All entries must be given again exactly as written.

=== Data under study ===

lemma Wex_minus_graphon_not_locally_dense:
  assumes "0 \<le> p" "p \<le> 1/3" "graphon Omega W" "\<not> (AE z in Omega \<Otimes>\<^sub>M Omega. W (fst z) (snd z) = 0)"
  shows "\<not> locally_dense Omega p (\<lambda>x y. Wex p x y - W x y)"
proof
  let ?M = "Omega \<Otimes>\<^sub>M Omega"
  obtain X Y P Q where XY: "X < 6" "Y < 6" "P \<in> sets Omega" "Q \<in> sets Omega" "P \<subseteq> block X" "Q \<subseteq> block Y"
    "measure Omega P \<le> 1/40" "measure Omega Q \<le> 1/40"
    and pos: "0 < (\<integral>z\<in>P \<times> Q. W (fst z) (snd z) \<partial>?M)"
    using graphon_pos_on_small_rectangle[OF assms(3,4)] by blast
  obtain U where U: "U \<in> sets Omega" "P \<union> Q \<subseteq> U"
    and tight: "(\<integral>z\<in>U \<times> U. Wex p (fst z) (snd z) \<partial>?M) = p * (measure Omega U)\<^sup>2"
    using exists_tight_set[OF XY] by blast
  have int_W: "integrable ?M (\<lambda>z. W (fst z) (snd z))"
    using assms(3) Omega.finite_measure_axioms by (rule graphon_integrable)
  have int_Wex: "integrable ?M (\<lambda>z. Wex p (fst z) (snd z))"
    using graphon_Wex[OF assms(1,2)] Omega.finite_measure_axioms by (rule graphon_integrable)
  have "(\<integral>z\<in>P \<times> Q. W (fst z) (snd z) \<partial>?M) \<le> (\<integral>z\<in>U \<times> U. W (fst z) (snd z) \<partial>?M)"
    using int_W graphon_nonneg[OF assms(3)] XY(3,4) U by (intro set_integral_mono_set_nonneg) auto
  moreover have "set_integrable ?M (U \<times> U) (\<lambda>z. W (fst z) (snd z))"
    "set_integrable ?M (U \<times> U) (\<lambda>z. Wex p (fst z) (snd z))"
    unfolding set_integrable_def using U(1) int_W int_Wex by (intro integrable_mult_indicator; simp)+
  ultimately have "(\<integral>z\<in>U \<times> U. Wex p (fst z) (snd z) - W (fst z) (snd z) \<partial>?M) < p * (measure Omega U)\<^sup>2"
    using pos tight by simp
  moreover assume "locally_dense Omega p (\<lambda>x y. Wex p x y - W x y)"
  ultimately show False
    using U(1) unfolding locally_dense_def by fastforce
qed

theorem proposition5p1:
  fixes p :: real
  assumes "0 < p" and "p < 1/3"
  shows "\<exists>W. graphon Omega W \<and> locally_dense Omega p W
    \<and> (\<integral>z. W (fst z) (snd z) \<partial>(Omega \<Otimes>\<^sub>M Omega)) = 9 * p / 8
    \<and> (\<forall>W'. graphon Omega W' \<and> \<not> (AE z in Omega \<Otimes>\<^sub>M Omega. W' (fst z) (snd z) = 0)
           \<longrightarrow> \<not> locally_dense Omega p (\<lambda>x y. W x y - W' x y))
    \<and> \<not> locally_dense (Omega \<Otimes>\<^sub>M Omega) (p\<^sup>2) (tensor W W)
    \<and> (\<forall>l::nat. l \<ge> 5 \<longrightarrow> \<not> locally_dense Omega (p ^ l) (opow Omega W l))"
proof (intro exI[of _ "Wex p"] conjI allI impI)
  have p: "0 \<le> p" "p \<le> 1/3"
    using assms by auto
  show "graphon Omega (Wex p)"
    using p by (rule graphon_Wex)
  show "locally_dense Omega p (Wex p)"
    using p(1) by (rule locally_dense_Wex)
  show "(\<integral>z. Wex p (fst z) (snd z) \<partial>(Omega \<Otimes>\<^sub>M Omega)) = 9 * p / 8"
    by (rule integral_Wex)
  show "\<not> locally_dense Omega p (\<lambda>x y. Wex p x y - W' x y)"
    if "graphon Omega W' \<and> \<not> (AE z in Omega \<Otimes>\<^sub>M Omega. W' (fst z) (snd z) = 0)" for W'
    using Wex_minus_graphon_not_locally_dense[OF p] that by blast
  show "\<not> locally_dense (Omega \<Otimes>\<^sub>M Omega) (p\<^sup>2) (tensor (Wex p) (Wex p))"
    using assms(1) by (rule tensor_Wex_not_locally_dense)
  show "\<not> locally_dense Omega (p ^ l) (opow Omega (Wex p) l)" if "5 \<le> l" for l
    using assms(1) that by (rule opow_Wex_not_locally_dense)
qed

end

===

Response area —
lemma Wex_minus_graphon_not_locally_dense:
  assumes "0 \<le> p" "p \<le> 1/3" "graphon Omega W" "\<not> (AE z in Omega \<Otimes>\<^sub>M Omega. W (fst z) (snd z) = 0)"
  shows "\<not> locally_dense Omega p (\<lambda>x y. Wex p x y - W x y)"
proof
  let ?M = "Omega \<Otimes>\<^sub>M Omega"
  obtain X Y P Q where XY: "X < 6" "Y < 6" "P \<in> sets Omega" "Q \<in> sets Omega" "P \<subseteq> block X" "Q \<subseteq> block Y"
    "measure Omega P \<le> 1/40" "measure Omega Q \<le> 1/40"
    and pos: "0 < (\<integral>z\<in>P \<times> Q. W (fst z) (snd z) \<partial>?M)"
    using graphon_pos_on_small_rectangle[OF assms(3,4)] by blast
  obtain U where U: "U \<in> sets Omega" "P \<union> Q \<subseteq> U"
    and tight: "(\<integral>z\<in>U \<times> U. Wex p (fst z) (snd z) \<partial>?M) = p * (measure Omega U)\<^sup>2"
    using exists_tight_set[OF XY] by blast
  have int_W: "integrable ?M (\<lambda>z. W (fst z) (snd z))"
    using assms(3) Omega.finite_measure_axioms by (rule graphon_integrable)
  have int_Wex: "integrable ?M (\<lambda>z. Wex p (fst z) (snd z))"
    using graphon_Wex[OF assms(1,2)] Omega.finite_measure_axioms by (rule graphon_integrable)
  have "(\<integral>z\<in>P \<times> Q. W (fst z) (snd z) \<partial>?M) \<le> (\<integral>z\<in>U \<times> U. W (fst z) (snd z) \<partial>?M)"
    using int_W graphon_nonneg[OF assms(3)] XY(3,4) U by (intro set_integral_mono_set_nonneg) auto
  moreover have "set_integrable ?M (U \<times> U) (\<lambda>z. W (fst z) (snd z))"
    "set_integrable ?M (U \<times> U) (\<lambda>z. Wex p (fst z) (snd z))"
    unfolding set_integrable_def using U(1) int_W int_Wex by (intro integrable_mult_indicator; simp)+
  ultimately have "(\<integral>z\<in>U \<times> U. Wex p (fst z) (snd z) - W (fst z) (snd z) \<partial>?M) < p * (measure Omega U)\<^sup>2"
    using pos tight by simp
  moreover assume "locally_dense Omega p (\<lambda>x y. Wex p x y - W x y)"
  ultimately show False
    using U(1) unfolding locally_dense_def by fastforce
qed

theorem proposition5p1:
  fixes p :: real
  assumes "0 < p" and "p < 1/3"
  shows "\<exists>W. graphon Omega W \<and> locally_dense Omega p W
    \<and> (\<integral>z. W (fst z) (snd z) \<partial>(Omega \<Otimes>\<^sub>M Omega)) = 9 * p / 8
    \<and> (\<forall>W'. graphon Omega W' \<and> \<not> (AE z in Omega \<Otimes>\<^sub>M Omega. W' (fst z) (snd z) = 0)
           \<longrightarrow> \<not> locally_dense Omega p (\<lambda>x y. W x y - W' x y))
    \<and> \<not> locally_dense (Omega \<Otimes>\<^sub>M Omega) (p\<^sup>2) (tensor W W)
    \<and> (\<forall>l::nat. l \<ge> 5 \<longrightarrow> \<not> locally_dense Omega (p ^ l) (opow Omega W l))"
proof (intro exI[of _ "Wex p"] conjI allI impI)
  have p: "0 \<le> p" "p \<le> 1/3"
    using assms by auto
  show "graphon Omega (Wex p)"
    using p by (rule graphon_Wex)
  show "locally_dense Omega p (Wex p)"
    using p(1) by (rule locally_dense_Wex)
  show "(\<integral>z. Wex p (fst z) (snd z) \<partial>(Omega \<Otimes>\<^sub>M Omega)) = 9 * p / 8"
    by (rule integral_Wex)
  show "\<not> locally_dense Omega p (\<lambda>x y. Wex p x y - W' x y)"
    if "graphon Omega W' \<and> \<not> (AE z in Omega \<Otimes>\<^sub>M Omega. W' (fst z) (snd z) = 0)" for W'
    using Wex_minus_graphon_not_locally_dense[OF p] that by blast
  show "\<not> locally_dense (Omega \<Otimes>\<^sub>M Omega) (p\<^sup>2) (tensor (Wex p) (Wex p))"
    using assms(1) by (rule tensor_Wex_not_locally_dense)
  show "\<not> locally_dense Omega (p ^ l) (opow Omega (Wex p) l)" if "5 \<le> l" for l
    using assms(1) that by (rule opow_Wex_not_locally_dense)
qed

end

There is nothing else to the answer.